- Required action: Reproduce the entries shown below only from the line with "ptilde = (1/n)" down to the line with "(\<exists>c lam r.", keeping both end lines and copying each one exactly.

------ Data supplied ------

(* Let $d\ge2$, $n\ge2$, and consider $n$ agents with positions $p_i(t)\in\mathbb R^d$ and dynamics $\dot p_i=v_i$. Let $\mathcal G=(\mathcal V,\mathcal E)$ be an undirected graph on $\mathcal V=\{1,\dots,n\}$ with neighbor sets $\mathcal N_i$, and assume: (A1) $\mathcal G$ has a spanning tree and each agent $i$ measures the bearings $g_{ij}=p_{ij}/\|p_{ij}\|$, $p_{ij}=p_j-p_i$, to its neighbors $j\in\mathcal N_i$; (A2) the desired positions $p_i^*(t)$ satisfy $\dot p_i^*=v_i^*$ with desired velocities $v_i^*(t)$ bounded and known, the desired bearings $g^*_{ij}(t)=p^*_{ij}/\|p^*_{ij}\|$, $p^*_{ij}=p^*_j-p^*_i$, are well defined, and the desired formation $\mathcal G(p^*(t))$ is bearing persistently exciting for all $t\ge0$; (A3) there exists $\epsilon>0$ such that $\|p_{ij}(t)\|>\epsilon$ for all $t\ge0$ and all $\{i,j\}\in\mathcal E$. Let $k_p>0$ and apply the control law $v_i=-k_p\sum_{j\in\mathcal N_i}\pi_{g_{ij}}p^*_{ij}+v_i^*$ for each $i$. Let $\tilde p=p-p^*\in\mathbb R^{dn}$ and $U=1_n\otimes I_d$. Then the equilibrium point $\tilde p=\frac1nUU^\top\tilde p(0)$ of the resulting closed-loop error dynamics is exponentially stable.
   Context: For $y\in\mathbb S^{d-1}$, $\pi_y=I_d-yy^\top$. Given an arbitrary orientation of $\mathcal G$ with incidence matrix $H\in\mathbb R^{m\times n}$ ($[H]_{ki}=1$ if $i$ is the head of edge $k$, $-1$ if the tail, 0 otherwise), set $\bar H=H\otimes I_d$, $e=\bar Hp$, $g_k=e_k/\|e_k\|$, $\Pi=\mathrm{blkdiag}(\pi_{g_k})$, $L=\bar H^\top\bar H$ and bearing Laplacian $L_B=\bar H^\top\Pi\bar H$ (and analogously for $p^*$). $L_B(p^*(t))$ is PE if there exist $T,\mu>0$ with $\int_t^{t+T}L_B(p^*(\tau))d\tau\ge\mu L$ for all $t$; the formation $\mathcal G(p^*(t))$ is bearing persistently exciting if $\mathcal G$ has a spanning tree and its bearing Laplacian is PE. *)

theory Defs
  imports "HOL-Analysis.Analysis"
begin

text \<open>Agents are indexed by a finite type 'n (n = CARD('n)), positions live in
  real^'d (d = CARD('d)); a stacked configuration p in R^{dn} is an element of
  real^'d^'n with block p $ i = p_i.\<close>

definition undirected_graph :: "('n \<times> 'n) set \<Rightarrow> bool" where
  "undirected_graph E \<longleftrightarrow> sym E \<and> (\<forall>i. (i, i) \<notin> E)"

definition nbrs :: "('n \<times> 'n) set \<Rightarrow> 'n \<Rightarrow> 'n set" where
  "nbrs E i = {j. (i, j) \<in> E}"

text \<open>Spanning tree: a subgraph T of E on all vertices that is connected and has
  n - 1 undirected edges (i.e. 2(n-1) ordered pairs).\<close>
definition has_spanning_tree :: "('n::finite \<times> 'n) set \<Rightarrow> bool" where
  "has_spanning_tree E \<longleftrightarrow>
     (\<exists>T. T \<subseteq> E \<and> undirected_graph T \<and> (\<forall>i j. (i, j) \<in> T\<^sup>*) \<and>
          card T = 2 * (CARD('n) - 1))"

definition proj_perp :: "real^'d \<Rightarrow> real^'d \<Rightarrow> real^'d" where
  "proj_perp y z = z - (y \<bullet> z) *\<^sub>R y"

definition relpos :: "real^'d^'n \<Rightarrow> 'n \<Rightarrow> 'n \<Rightarrow> real^'d" where
  "relpos p i j = p $ j - p $ i"

definition bearing :: "real^'d^'n \<Rightarrow> 'n \<Rightarrow> 'n \<Rightarrow> real^'d" where
  "bearing p i j = (1 / norm (relpos p i j)) *\<^sub>R relpos p i j"

text \<open>Bearing Laplacian L_B(p) = Hbar^T Pi Hbar and Laplacian L = Hbar^T Hbar as
  linear operators on R^{dn}:  (L_B(p) x)_i = sum_{j in N_i} pi_{g_ij} (x_i - x_j),
  which is independent of the chosen orientation.\<close>
definition bearing_laplacian :: "('n::finite \<times> 'n) set \<Rightarrow> real^'d^'n \<Rightarrow> real^'d^'n \<Rightarrow> real^'d^'n" where
  "bearing_laplacian E p x = (\<chi> i. \<Sum>j\<in>nbrs E i. proj_perp (bearing p i j) (x $ i - x $ j))"

definition graph_laplacian :: "('n::finite \<times> 'n) set \<Rightarrow> real^'d^'n \<Rightarrow> real^'d^'n" where
  "graph_laplacian E x = (\<chi> i. \<Sum>j\<in>nbrs E i. x $ i - x $ j)"

text \<open>Persistent excitation: exists T, mu > 0 with
  int_t^{t+T} L_B(p*(tau)) dtau >= mu L (Loewner order) for all t >= 0,
  the matrix inequality written via quadratic forms.\<close>
definition bearing_laplacian_PE :: "('n::finite \<times> 'n) set \<Rightarrow> (real \<Rightarrow> real^'d^'n) \<Rightarrow> bool" where
  "bearing_laplacian_PE E ps \<longleftrightarrow>
     (\<exists>T \<mu>. T > 0 \<and> \<mu> > 0 \<and>
        (\<forall>t\<ge>0. \<forall>x. integral {t..t+T} (\<lambda>\<tau>. x \<bullet> bearing_laplacian E (ps \<tau>) x)
                      \<ge> \<mu> * (x \<bullet> graph_laplacian E x)))"

definition bearing_PE_formation :: "('n::finite \<times> 'n) set \<Rightarrow> (real \<Rightarrow> real^'d^'n) \<Rightarrow> bool" where
  "bearing_PE_formation E ps \<longleftrightarrow> has_spanning_tree E \<and> bearing_laplacian_PE E ps"

definition control_law ::
  "('n::finite \<times> 'n) set \<Rightarrow> real \<Rightarrow> real^'d^'n \<Rightarrow> real^'d^'n \<Rightarrow> real^'d^'n \<Rightarrow> real^'d^'n" where
  "control_law E kp ps vs p =
     (\<chi> i. - kp *\<^sub>R (\<Sum>j\<in>nbrs E i. proj_perp (bearing p i j) (relpos ps i j)) + vs $ i)"

text \<open>(1/n) U U^T x with U = 1_n (x) I_d: every block equals the average of blocks.\<close>
definition centroid_proj :: "real^'d^'n::finite \<Rightarrow> real^'d^'n" where
  "centroid_proj x = (\<chi> i. (1 / real CARD('n)) *\<^sub>R (\<Sum>j\<in>UNIV. x $ j))"

text \<open>Closed-loop solution on [t0, oo) satisfying (A3) with constant eps.\<close>
definition closed_loop_solution ::
  "('n::finite \<times> 'n) set \<Rightarrow> real \<Rightarrow> (real \<Rightarrow> real^'d^'n) \<Rightarrow> (real \<Rightarrow> real^'d^'n)
     \<Rightarrow> real \<Rightarrow> real \<Rightarrow> (real \<Rightarrow> real^'d^'n) \<Rightarrow> bool" where
  "closed_loop_solution E kp ps vs eps t0 p \<longleftrightarrow>
     (\<forall>t\<ge>t0. (p has_vector_derivative control_law E kp (ps t) (vs t) (p t)) (at t within {t0..})) \<and>
     (\<forall>t\<ge>t0. \<forall>i j. (i, j) \<in> E \<longrightarrow> norm (relpos (p t) i j) > eps)"

text \<open>(Uniform, local) exponential stability of the equilibrium
  ptilde = (1/n) U U^T ptilde(t0) of the closed-loop error dynamics,
  ptilde = p - p*.\<close>
definition error_equilibrium_exp_stable ::
  "('n::finite \<times> 'n) set \<Rightarrow> real \<Rightarrow> (real \<Rightarrow> real^'d^'n) \<Rightarrow> (real \<Rightarrow> real^'d^'n) \<Rightarrow> real \<Rightarrow> bool" where
  "error_equilibrium_exp_stable E kp ps vs eps \<longleftrightarrow>
     (\<exists>c lam r. c > 0 \<and> lam > 0 \<and> r > 0 \<and>
       (\<forall>t0\<ge>0. \<forall>p. closed_loop_solution E kp ps vs eps t0 p \<longrightarrow>
          (let pt = (\<lambda>t. p t - ps t); pe = centroid_proj (pt t0) in
             norm (pt t0 - pe) < r \<longrightarrow>
             (\<forall>t\<ge>t0. norm (pt t - pe) \<le> c * norm (pt t0 - pe) * exp (- lam * (t - t0))))))"

end

theory Submission
  imports Defs
begin

text \<open>
  Let e = p - p* - c, where the translation c is the centroid of the initial error
  p(t0) - p*(t0). Since \<pi>_{g_ij} annihilates p_ij, the closed loop reads
  e' = -k_p L_B(p) e, so V = |e|^2 is nonincreasing with V' = -k_p W, where W is the sum
  over the edges of |\<pi>_{g_ij} (e_i - e_j)|^2, and e keeps zero sum.
  On a window [t, t + T] of persistent excitation, either V drops by a fixed fraction
  \<eta>, or little energy is dissipated. In the latter case e stays close to e(t) on the
  window, and as |e| <= |e(t0)| is small compared with the lower bound eps on the
  inter-agent distances, the bearings of p stay close to those of p*. The excitation
  integral of L_B(p*) at e(t), which by connectivity is at least a multiple of |e(t)|^2,
  is then dominated by the dissipated energy: a contradiction. Iterating over
  consecutive windows gives exponential decay.
\<close>

section \<open>Orthogonal projections and bearings\<close>

lemma proj_perp_add: "proj_perp g (a + b) = proj_perp g a + proj_perp g b"
  by (simp add: proj_perp_def inner_add_right algebra_simps)

lemma proj_perp_diff: "proj_perp g (a - b) = proj_perp g a - proj_perp g b"
  by (simp add: proj_perp_def inner_diff_right algebra_simps)

lemma proj_perp_minus: "proj_perp g (- a) = - proj_perp g a"
  by (simp add: proj_perp_def)

lemma proj_perp_uminus_dir: "proj_perp (- g) a = proj_perp g a"
  by (simp add: proj_perp_def)

lemma proj_perp_normalize_self: "proj_perp ((1 / norm a) *\<^sub>R a) a = 0"
  by (cases "a = 0")
     (simp_all add: proj_perp_def inner_commute power2_norm_eq_inner[symmetric] power2_eq_square)

lemma norm_proj_perp_sq:
  "(norm (proj_perp g y))\<^sup>2 = y \<bullet> y - 2 * (g \<bullet> y)\<^sup>2 + (g \<bullet> y)\<^sup>2 * (g \<bullet> g)"
  unfolding proj_perp_def power2_norm_eq_inner
  by (simp only: inner_diff_left inner_diff_right inner_scaleR_left inner_scaleR_right
      inner_commute[of g y]) (simp add: power2_eq_square algebra_simps)

lemma inner_proj_perp_self:
  assumes "norm g = 1 \<or> g = 0"
  shows "y \<bullet> proj_perp g y = (norm (proj_perp g y))\<^sup>2"
proof -
  have "g \<bullet> g = 1 \<or> g = 0" using assms by (metis norm_eq_1)
  moreover have "y \<bullet> proj_perp g y = y \<bullet> y - (g \<bullet> y)\<^sup>2"
    by (simp add: proj_perp_def inner_diff_right inner_commute power2_eq_square)
  ultimately show ?thesis unfolding norm_proj_perp_sq by auto
qed

lemma norm_proj_perp_le:
  assumes "norm g \<le> 1"
  shows "norm (proj_perp g y) \<le> norm y"
proof (rule power2_le_imp_le)
  have "g \<bullet> g \<le> 1"
    using assms by (simp add: power2_norm_eq_inner[symmetric] power_le_one)
  then have "(g \<bullet> y)\<^sup>2 * (g \<bullet> g) \<le> (g \<bullet> y)\<^sup>2" by (simp add: mult_left_le)
  then show "(norm (proj_perp g y))\<^sup>2 \<le> (norm y)\<^sup>2"
    unfolding norm_proj_perp_sq power2_norm_eq_inner[of y]
    using zero_le_power2[of "g \<bullet> y"] by linarith
qed simp

lemma norm_proj_perp_diff_dir_le:
  assumes "norm g \<le> 1" "norm w \<le> 1"
  shows "norm (proj_perp g y - proj_perp w y) \<le> 2 * norm (g - w) * norm y"
proof -
  have "proj_perp g y - proj_perp w y = - ((g \<bullet> y) *\<^sub>R (g - w) + ((g - w) \<bullet> y) *\<^sub>R w)"
    by (simp add: proj_perp_def algebra_simps inner_diff_left)
  then have "norm (proj_perp g y - proj_perp w y)
      \<le> norm ((g \<bullet> y) *\<^sub>R (g - w)) + norm (((g - w) \<bullet> y) *\<^sub>R w)"
    by (metis norm_minus_cancel norm_triangle_ineq)
  also have "\<dots> \<le> norm g * norm y * norm (g - w) + norm (g - w) * norm y * norm w"
    by (intro add_mono) (simp_all add: Cauchy_Schwarz_ineq2 mult_right_mono mult_left_mono)
  also have "\<dots> \<le> 1 * norm y * norm (g - w) + norm (g - w) * norm y * 1"
    using assms by (intro add_mono mult_right_mono mult_left_mono) auto
  finally show ?thesis by (simp add: algebra_simps)
qed

lemma norm_proj_perp_perturb_le:
  assumes "norm g \<le> 1" "norm w \<le> 1"
  shows "norm (proj_perp w y) \<le> norm (proj_perp g z) + norm (y - z) + 2 * norm (g - w) * norm y"
proof -
  have "norm (proj_perp w y) \<le> norm (proj_perp g y) + norm (proj_perp g y - proj_perp w y)"
    using norm_triangle_sub[of "proj_perp w y" "proj_perp g y"] by (simp add: norm_minus_commute)
  moreover have "norm (proj_perp g y) \<le> norm (proj_perp g z) + norm (y - z)"
  proof -
    have "proj_perp g y = proj_perp g z + proj_perp g (y - z)"
      by (simp add: proj_perp_add[symmetric])
    then show ?thesis
      using norm_triangle_ineq[of "proj_perp g z" "proj_perp g (y - z)"]
        norm_proj_perp_le[OF assms(1), of "y - z"] by simp
  qed
  ultimately show ?thesis using norm_proj_perp_diff_dir_le[OF assms, of y] by simp
qed

lemma norm_normalize_diff_le:
  fixes a b :: "'a::real_normed_vector"
  assumes "a \<noteq> 0"
  shows "norm ((1 / norm a) *\<^sub>R a - (1 / norm b) *\<^sub>R b) \<le> 2 * norm (a - b) / norm a"
proof (cases "b = 0")
  case True
  then show ?thesis using assms by simp
next
  case False
  have a: "norm a > 0" using assms by simp
  have "(1 / norm a) *\<^sub>R a - (1 / norm b) *\<^sub>R b
      = (1 / norm a) *\<^sub>R (a - b) + (1 / norm a - 1 / norm b) *\<^sub>R b"
    by (simp add: algebra_simps)
  then have "norm ((1 / norm a) *\<^sub>R a - (1 / norm b) *\<^sub>R b)
      \<le> norm (a - b) / norm a + \<bar>1 / norm a - 1 / norm b\<bar> * norm b"
    using norm_triangle_ineq[of "(1 / norm a) *\<^sub>R (a - b)" "(1 / norm a - 1 / norm b) *\<^sub>R b"]
    by simp
  also have "\<bar>1 / norm a - 1 / norm b\<bar> * norm b = \<bar>norm b - norm a\<bar> / norm a"
    using a False by (simp add: field_simps abs_div abs_mult)
  also have "\<bar>norm b - norm a\<bar> \<le> norm (a - b)"
    by (metis norm_minus_commute norm_triangle_ineq3)
  finally show ?thesis using a by (simp add: divide_right_mono add_divide_distrib[symmetric])
qed

lemma norm_bearing_cases: "norm (bearing p i j) = 1 \<or> bearing p i j = 0"
  by (cases "relpos p i j = 0") (auto simp: bearing_def)

lemma norm_bearing_le: "norm (bearing p i j) \<le> 1"
  using norm_bearing_cases[of p i j] by auto

lemma bearing_swap: "bearing p j i = - bearing p i j"
proof -
  have "relpos p j i = - relpos p i j" by (simp add: relpos_def)
  then show ?thesis by (simp add: bearing_def)
qed

lemma proj_perp_bearing_relpos: "proj_perp (bearing p i j) (relpos p i j) = 0"
  unfolding bearing_def by (rule proj_perp_normalize_self)

lemma proj_perp_bearing_swap:
  "proj_perp (bearing p j i) (- y) = - proj_perp (bearing p i j) y"
  by (simp only: bearing_swap[of p i j] proj_perp_uminus_dir proj_perp_minus)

------

- Answer space:
  ptilde = (1/n) U U^T ptilde(t0) of the closed-loop error dynamics,
  ptilde = p - p*.\<close>
definition error_equilibrium_exp_stable ::
  "('n::finite \<times> 'n) set \<Rightarrow> real \<Rightarrow> (real \<Rightarrow> real^'d^'n) \<Rightarrow> (real \<Rightarrow> real^'d^'n) \<Rightarrow> real \<Rightarrow> bool" where
  "error_equilibrium_exp_stable E kp ps vs eps \<longleftrightarrow>
     (\<exists>c lam r. c > 0 \<and> lam > 0 \<and> r > 0 \<and>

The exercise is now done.